Dans sa maison au bord de la mer, elle s'ennuie, beaucoup. Et elle aime ça. Elle n'a plus travail, et alors ? Après tout, ils sont nombreux ceux qui n'ont plus de travail aujourd'hui. Elle faisait partie d'une élite, d'avoir un emploi dans une grande entreprise. Elle va pouvoir faire comme eux, tous ces sans-emplois, qui profitent des richesses crées par les machines pour ne rien faire. Elle s'installe dans son ermitage et écoute le monde tourner autour d'elle. Son sairvo lui permet d'avoir les informations terrestres. Tout continue comme avant. Elle rit. Après tout elle n'était qu'un rouage dans une machine, le monde ne s'est pas arrêté parce qu'elle est partie. Au début elle cherche à recréer sa vie d'avant, elle sort, elle va en ville. Beringovski est une bourgade par rapport à Berlin. Mais elle est vite sollicitée pour se rendre utile. Puisqu'elle crée des IA, peut-être qu'elle peut améliorer celle qui gère les déchets de la ville ? Ou alors terminer le RockBreaker qui a été laissé en plan et finir enfin la transformation de la baie en mer intérieure ? Ou peut-être … STOP.

Elle décide qu'elle est venue ici pour ne rien faire. Alors elle retourne chez elle, et elle n'en sort plus. Les informations lui suffisent. Elle cultive son potager, se promène. Le bord de mer près de chez elle est déchiqueté, un amas de rocs hostiles, noirs, glissants. Elle aime les escalader pendant des heures. Elle tombe, redécouvre la douleur physique. Celle qu'elle connaissait quand elle a appris à marcher et qu'elle tombait tout le temps. Elle apprend de nouveau à marcher, puis à sauter et à courir. Ces rochers sont sa nouvelle rue, le trajet qu'elle peut faire sans y penser. Elle connaît chaque trou d'eau, chaque recoin. Assise sur le roc glacé, elle sent le froid qui la pénètre de plus en plus profond. Elle ne bouge pas, elle observe la marée qui monte. L'eau qui vient lécher le trou d'eau, une crevette s'échappe.

 

Le potager est à l'abandon. Il produisait beaucoup trop de légumes pour elle toute seule. Elle était obligée de jeter et automatiquement une alarme informait la gestion des déchets de la ville. Elle a eu affaire deux fois aux poubelleurs, ces immenses machines armées de dizaines de bras mécaniques et d'une infanterie de babybots. Ils sont venus chercher ses déchets, les ont triés, leur ont donné à chacun un code barre, scanné, mis dans des boites et emmenés pour le recyclage. Elle s'est demandé à quel moment les bennes allaient la prendre pour un déchet et lui mettre un code barre. Elles sont parties et elle est restée là, debout au milieu de sa maison nettoyée, aussi vide et sans âme qu'elle.

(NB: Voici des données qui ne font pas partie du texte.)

(* Let $X$ be a real Hilbert space, $I$ a finite index set, and $(T_i)_{i\in I}$ a family of operators $X\to X$ such that each $T_i$ is averaged nonexpansive and boundedly linearly regular. Set $Z_i=\operatorname{Fix}T_i$ and suppose $Z=\bigcap_{i\in I}Z_i\neq\varnothing$ and that the family $(Z_i)_{i\in I}$ is boundedly linearly regular. Let $(\omega_{i,n})_{(i,n)\in I\times\mathbb N}$ satisfy $\omega_{i,n}\in[0,1]$ and $\sum_{i\in I}\omega_{i,n}=1$ for every $n\in\mathbb N$. Set $I_n=\{i\in I:\omega_{i,n}>0\}$ and suppose $\omega_+=\inf_{n\in\mathbb N}\min_{i\in I_n}\omega_{i,n}>0$. Suppose there is $p\in\{1,2,\dots\}$ such that $I_n\cup I_{n+1}\cup\cdots\cup I_{n+p-1}=I$ for all $n\in\mathbb N$. Let $x_0\in X$ and define $x_{n+1}=\sum_{i\in I}\omega_{i,n}T_ix_n$. Then $(x_n)_{n\in\mathbb N}$ converges linearly to some point of $Z$.
   Context: $T\colon X\to X$ is averaged nonexpansive if $T=(1-\lambda)\mathrm{Id}+\lambda N$ for some $\lambda\in[0,1[$ and some nonexpansive $N\colon X\to X$. An operator $T$ with $\operatorname{Fix}T\neq\varnothing$ is boundedly linearly regular if for every $\rho>0$ there is $\kappa\ge0$ with $d_{\operatorname{Fix}T}(x)\le\kappa\|x-Tx\|$ for all $x$ with $\|x\|\le\rho$. A finite family $(C_i)_{i\in I}$ of closed convex sets with $C=\bigcap_i C_i\ne\varnothing$ is boundedly linearly regular if for every $\rho>0$ there is $\mu>0$ with $d_C(x)\le\mu\max_{i\in I}d_{C_i}(x)$ for all $\|x\|\le\rho$. Here $d_C$ denotes the distance function to $C$. A sequence $(x_n)$ converges linearly to $\bar x$ if there are $c\ge0$ and $q\in[0,1[$ with $\|x_n-\bar x\|\le cq^n$ for all $n$. *)

theory Defs
  imports "HOL-Analysis.Analysis"
begin

definition nonexpansive :: "('a::real_normed_vector \<Rightarrow> 'a) \<Rightarrow> bool" where
  "nonexpansive N \<longleftrightarrow> (\<forall>x y. norm (N x - N y) \<le> norm (x - y))"

definition averaged_nonexpansive :: "('a::real_normed_vector \<Rightarrow> 'a) \<Rightarrow> bool" where
  "averaged_nonexpansive T \<longleftrightarrow>
     (\<exists>l::real. 0 \<le> l \<and> l < 1 \<and> (\<exists>N. nonexpansive N \<and> T = (\<lambda>x. (1 - l) *\<^sub>R x + l *\<^sub>R N x)))"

Elle n'a plus grand chose à faire. Les informations du monde extérieur ne l'intéressent plus. Elle laisse son sairvo vagabonder sur le réseau et lui fournir des images mais, même ça, la fatigue. La plupart du temps elle s'asseoit sur un banc et regarde la mer, sent le vent sur son visage amaigri. Elle a froid, souvent, mais c'est tellement bon d'avoir froid après des années dans la chaleur étouffante de Berlin.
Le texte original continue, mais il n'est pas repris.